THE TASK: Of the entries below, restate word for word only the section that runs from the line with "t \<partial>lborel) = (\<integral>\<^sup>+(t::real)." to the line with "t)) \<partial>lborel) *", counting both ends.

========================================

lemma nn_integral_exponential_holding_time:
  assumes [measurable]: "E \<in> sets (M x)" and r: "0 < r"
    and tail: "\<And>t. 0 \<le> t \<Longrightarrow>
      emeasure (M x) (E \<inter> {\<omega>\<in>space (M x). t < \<sigma> m \<omega>}) = ennreal (exp (- r * t)) * emeasure (M x) E"
  shows "(\<integral>\<^sup>+\<omega>. ennreal (\<sigma> m \<omega>) * indicator E \<omega> \<partial>M x) = emeasure (M x) E * ennreal (1 / r)"
proof -
  interpret pair_sigma_finite "M x" lborel
    by (intro pair_sigma_finite.intro prob_space_imp_sigma_finite[OF prob_space_M]
        lborel.sigma_finite_measure_axioms)
  define f where "f \<omega> t = (if \<omega> \<in> E \<and> 0 \<le> t \<and> t < \<sigma> m \<omega> then 1 else 0 :: ennreal)" for \<omega> t
  have f_measurable: "case_prod f \<in> borel_measurable (M x \<Otimes>\<^sub>M lborel)" unfolding f_def by measurable
  have inner_time: "(\<integral>\<^sup>+t. f \<omega> t \<partial>lborel) = ennreal (\<sigma> m \<omega>) * indicator E \<omega>" for \<omega>
  proof (cases "\<omega> \<in> E \<and> 0 \<le> \<sigma> m \<omega>")
    case True
    then have "(\<integral>\<^sup>+t. f \<omega> t \<partial>lborel) = (\<integral>\<^sup>+t. indicator {0..<\<sigma> m \<omega>} t \<partial>lborel)"
      by (intro nn_integral_cong) (auto simp: f_def split: split_indicator)
    then show ?thesis using True by simp
  next
    case False
    then have "(\<integral>\<^sup>+t. f \<omega> t \<partial>lborel) = (\<integral>\<^sup>+(t::real). 0 \<partial>lborel)"
      by (intro nn_integral_cong) (auto simp: f_def)
    then show ?thesis using False by (auto simp: ennreal_neg)
  qed
  have inner_event:
    "(\<integral>\<^sup>+\<omega>. f \<omega> t \<partial>M x) = indicator {0..} t * ennreal (exp (- r * t)) * emeasure (M x) E" for t
  proof (cases "0 \<le> t")
    case True
    have "(\<integral>\<^sup>+\<omega>. f \<omega> t \<partial>M x) = (\<integral>\<^sup>+\<omega>. indicator (E \<inter> {\<omega>\<in>space (M x). t < \<sigma> m \<omega>}) \<omega> \<partial>M x)"
      using True sets.sets_into_space[OF assms(1)]
      by (intro nn_integral_cong) (auto simp: f_def split: split_indicator)
    then show ?thesis using True tail[OF True] by simp
  next
    case False
    then have "(\<integral>\<^sup>+\<omega>. f \<omega> t \<partial>M x) = (\<integral>\<^sup>+\<omega>. 0 \<partial>M x)"
      by (intro nn_integral_cong) (auto simp: f_def)
    then show ?thesis using False by simp
  qed
  have "(\<integral>\<^sup>+\<omega>. ennreal (\<sigma> m \<omega>) * indicator E \<omega> \<partial>M x) = (\<integral>\<^sup>+t. (\<integral>\<^sup>+\<omega>. f \<omega> t \<partial>M x) \<partial>lborel)"
    unfolding inner_time[symmetric] by (rule Fubini'[OF f_measurable, symmetric])
  also have "\<dots> = (\<integral>\<^sup>+t. indicator {0..} t * ennreal (exp (- r * t)) \<partial>lborel) * emeasure (M x) E"
    unfolding inner_event by (rule nn_integral_multc) simp
  also have "\<dots> = emeasure (M x) E * ennreal (1 / r)"
    by (subst nn_integral_exp_neg[OF r]) (rule mult.commute)
  finally show ?thesis .
qed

========================================

WRITTEN ANSWER:
    then have "(\<integral>\<^sup>+t. f \<omega> t \<partial>lborel) = (\<integral>\<^sup>+(t::real). 0 \<partial>lborel)"
      by (intro nn_integral_cong) (auto simp: f_def)
    then show ?thesis using False by (auto simp: ennreal_neg)
  qed
  have inner_event:
    "(\<integral>\<^sup>+\<omega>. f \<omega> t \<partial>M x) = indicator {0..} t * ennreal (exp (- r * t)) * emeasure (M x) E" for t
  proof (cases "0 \<le> t")
    case True
    have "(\<integral>\<^sup>+\<omega>. f \<omega> t \<partial>M x) = (\<integral>\<^sup>+\<omega>. indicator (E \<inter> {\<omega>\<in>space (M x). t < \<sigma> m \<omega>}) \<omega> \<partial>M x)"
      using True sets.sets_into_space[OF assms(1)]
      by (intro nn_integral_cong) (auto simp: f_def split: split_indicator)
    then show ?thesis using True tail[OF True] by simp
  next
    case False
    then have "(\<integral>\<^sup>+\<omega>. f \<omega> t \<partial>M x) = (\<integral>\<^sup>+\<omega>. 0 \<partial>M x)"
      by (intro nn_integral_cong) (auto simp: f_def)
    then show ?thesis using False by simp
  qed
  have "(\<integral>\<^sup>+\<omega>. ennreal (\<sigma> m \<omega>) * indicator E \<omega> \<partial>M x) = (\<integral>\<^sup>+t. (\<integral>\<^sup>+\<omega>. f \<omega> t \<partial>M x) \<partial>lborel)"
    unfolding inner_time[symmetric] by (rule Fubini'[OF f_measurable, symmetric])
  also have "\<dots> = (\<integral>\<^sup>+t. indicator {0..} t * ennreal (exp (- r * t)) \<partial>lborel) * emeasure (M x) E"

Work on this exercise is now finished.